Work order =>
Find the string "noteq" in the listing below and return each line it appears in.

--- Data shown ---

(* Let $D$ be an integral domain and $\star$ a semistar operation on $D$. The following are equivalent: (i) $D$ is a P$\star$MD; (ii) for every overring $T$ of $D$ and every semistar operation $\star'$ on $T$ such that $T$ is $(\star,\star')$-linked to $D$, $T$ is $(\star,\star')$-flat over $D$; (iii) for every overring $T$ of $D$, $T$ is $(\star,\ell_{\star,T})$-flat over $D$; (iv) every overring of $D$ that is $t$-linked to $(D,\star)$ is $t$-flat over $(D,\star)$; (v) every overring $T$ of $D$ that is $(\star,d_T)$-linked to $D$ is $(\star,d_T)$-flat over $D$.
   Context: Let $D$ be an integral domain with quotient field $K$. $\overline{\mathbf F}(D)$ denotes the set of all nonzero $D$-submodules of $K$ and $\mathbf f(D)$ the set of nonzero finitely generated $D$-submodules of $K$. A semistar operation on $D$ is a map $\star:\overline{\mathbf F}(D)\to\overline{\mathbf F}(D)$, $E\mapsto E^\star$, such that for all $0\ne x\in K$ and $E,F\in\overline{\mathbf F}(D)$: (1) $(xE)^\star=xE^\star$; (2) $E\subseteq F\Rightarrow E^\star\subseteq F^\star$; (3) $E\subseteq E^\star$ and $(E^\star)^\star=E^\star$. $\star_f$ is defined by $E^{\star_f}=\bigcup\{F^\star:F\in\mathbf f(D),F\subseteq E\}$. A nonzero ideal $I$ of $D$ is a quasi-$\star$-ideal if $I^\star\cap D=I$; a quasi-$\star$-prime is a prime quasi-$\star$-ideal. An overring of $D$ is a ring $T$ with $D\subseteq T\subseteq K$; the same notions are defined on $T$. $d_T$ is the identity operation on $T$; $v_T$ is $E\mapsto(T:_K(T:_KE))$ and $t_T:=(v_T)_f$. $T$ is $(\star,\star')$-linked to $D$ if for every nonzero finitely generated ideal $F\subseteq D$ with $F^\star=D^\star$ one has $(FT)^{\star'}=T^{\star'}$; $T$ is $t$-linked to $(D,\star)$ if it is $(\star,t_T)$-linked to $D$. $T$ is $(\star,\star')$-flat over $D$ if it is $(\star,\star')$-linked to $D$ and $D_{Q\cap D}=T_Q$ for every quasi-$\star'_f$-prime ideal $Q$ of $T$; $T$ is $t$-flat over $(D,\star)$ if it is $(\star,t_T)$-flat over $D$. The semistar operation $\ell_{\star,T}$ on $T$ is $E^{\ell_{\star,T}}=\bigcap\{ET_{D\setminus P}:P$ a quasi-$\star_f$-prime of $D\}$ (equal to $K$ if there are none). $D$ is a P$\star$MD if every $F\in\mathbf f(D)$ satisfies $(FF^{-1})^{\star_f}=D^\star$, where $F^{-1}=(D:_KF)$. *)

theory Defs
  imports Main
begin

text \<open>The quotient field K is modelled as the whole type 'a :: field; the domain D
  (and its overrings) are subsets of 'a.\<close>

definition subring :: "'a::field set \<Rightarrow> bool" where
  "subring R \<longleftrightarrow> 0 \<in> R \<and> 1 \<in> R \<and> (\<forall>x\<in>R. \<forall>y\<in>R. x + y \<in> R \<and> - x \<in> R \<and> x * y \<in> R)"

definition domain_qf :: "'a::field set \<Rightarrow> bool" where
  "domain_qf D \<longleftrightarrow> subring D \<and> (\<forall>x. \<exists>a\<in>D. \<exists>b\<in>D. b \<noteq> 0 \<and> x = a / b)"

definition overring :: "'a::field set \<Rightarrow> 'a set \<Rightarrow> bool" where
  "overring D T \<longleftrightarrow> subring T \<and> D \<subseteq> T"

definition submod :: "'a::field set \<Rightarrow> 'a set \<Rightarrow> bool" where
  "submod R E \<longleftrightarrow> 0 \<in> E \<and> (\<forall>x\<in>E. \<forall>y\<in>E. x + y \<in> E) \<and> (\<forall>r\<in>R. \<forall>x\<in>E. r * x \<in> E)"

definition Fbar :: "'a::field set \<Rightarrow> 'a set set" where
  "Fbar R = {E. submod R E \<and> E \<noteq> {0}}"

definition span :: "'a::field set \<Rightarrow> 'a set \<Rightarrow> 'a set" where
  "span R S = \<Inter>{E. submod R E \<and> S \<subseteq> E}"

definition fgen :: "'a::field set \<Rightarrow> 'a set set" where
  "fgen R = {E \<in> Fbar R. \<exists>S. finite S \<and> E = span R S}"

definition semistar :: "'a::field set \<Rightarrow> ('a set \<Rightarrow> 'a set) \<Rightarrow> bool" where
  "semistar R st \<longleftrightarrow>
     (\<forall>E\<in>Fbar R. st E \<in> Fbar R) \<and>
     (\<forall>x E. x \<noteq> 0 \<longrightarrow> E \<in> Fbar R \<longrightarrow> st ((\<lambda>y. x * y) ` E) = (\<lambda>y. x * y) ` st E) \<and>
     (\<forall>E F. E \<in> Fbar R \<longrightarrow> F \<in> Fbar R \<longrightarrow> E \<subseteq> F \<longrightarrow> st E \<subseteq> st F) \<and>
     (\<forall>E\<in>Fbar R. E \<subseteq> st E \<and> st (st E) = st E)"

definition star_f :: "'a::field set \<Rightarrow> ('a set \<Rightarrow> 'a set) \<Rightarrow> 'a set \<Rightarrow> 'a set" where
  "star_f R st E = \<Union>{st F | F. F \<in> fgen R \<and> F \<subseteq> E}"

definition ideal_of :: "'a::field set \<Rightarrow> 'a set \<Rightarrow> bool" where
  "ideal_of R I \<longleftrightarrow> I \<subseteq> R \<and> submod R I"

definition quasi_ideal :: "'a::field set \<Rightarrow> ('a set \<Rightarrow> 'a set) \<Rightarrow> 'a set \<Rightarrow> bool" where
  "quasi_ideal R st I \<longleftrightarrow> ideal_of R I \<and> I \<noteq> {0} \<and> st I \<inter> R = I"

definition quasi_prime :: "'a::field set \<Rightarrow> ('a set \<Rightarrow> 'a set) \<Rightarrow> 'a set \<Rightarrow> bool" where
  "quasi_prime R st P \<longleftrightarrow> quasi_ideal R st P \<and> P \<noteq> R \<and>
     (\<forall>a\<in>R. \<forall>b\<in>R. a * b \<in> P \<longrightarrow> a \<in> P \<or> b \<in> P)"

---

Exercise response =>
  "domain_qf D \<longleftrightarrow> subring D \<and> (\<forall>x. \<exists>a\<in>D. \<exists>b\<in>D. b \<noteq> 0 \<and> x = a / b)"
  "Fbar R = {E. submod R E \<and> E \<noteq> {0}}"
     (\<forall>x E. x \<noteq> 0 \<longrightarrow> E \<in> Fbar R \<longrightarrow> st ((\<lambda>y. x * y) ` E) = (\<lambda>y. x * y) ` st E) \<and>
  "quasi_ideal R st I \<longleftrightarrow> ideal_of R I \<and> I \<noteq> {0} \<and> st I \<inter> R = I"
  "quasi_prime R st P \<longleftrightarrow> quasi_ideal R st P \<and> P \<noteq> R \<and>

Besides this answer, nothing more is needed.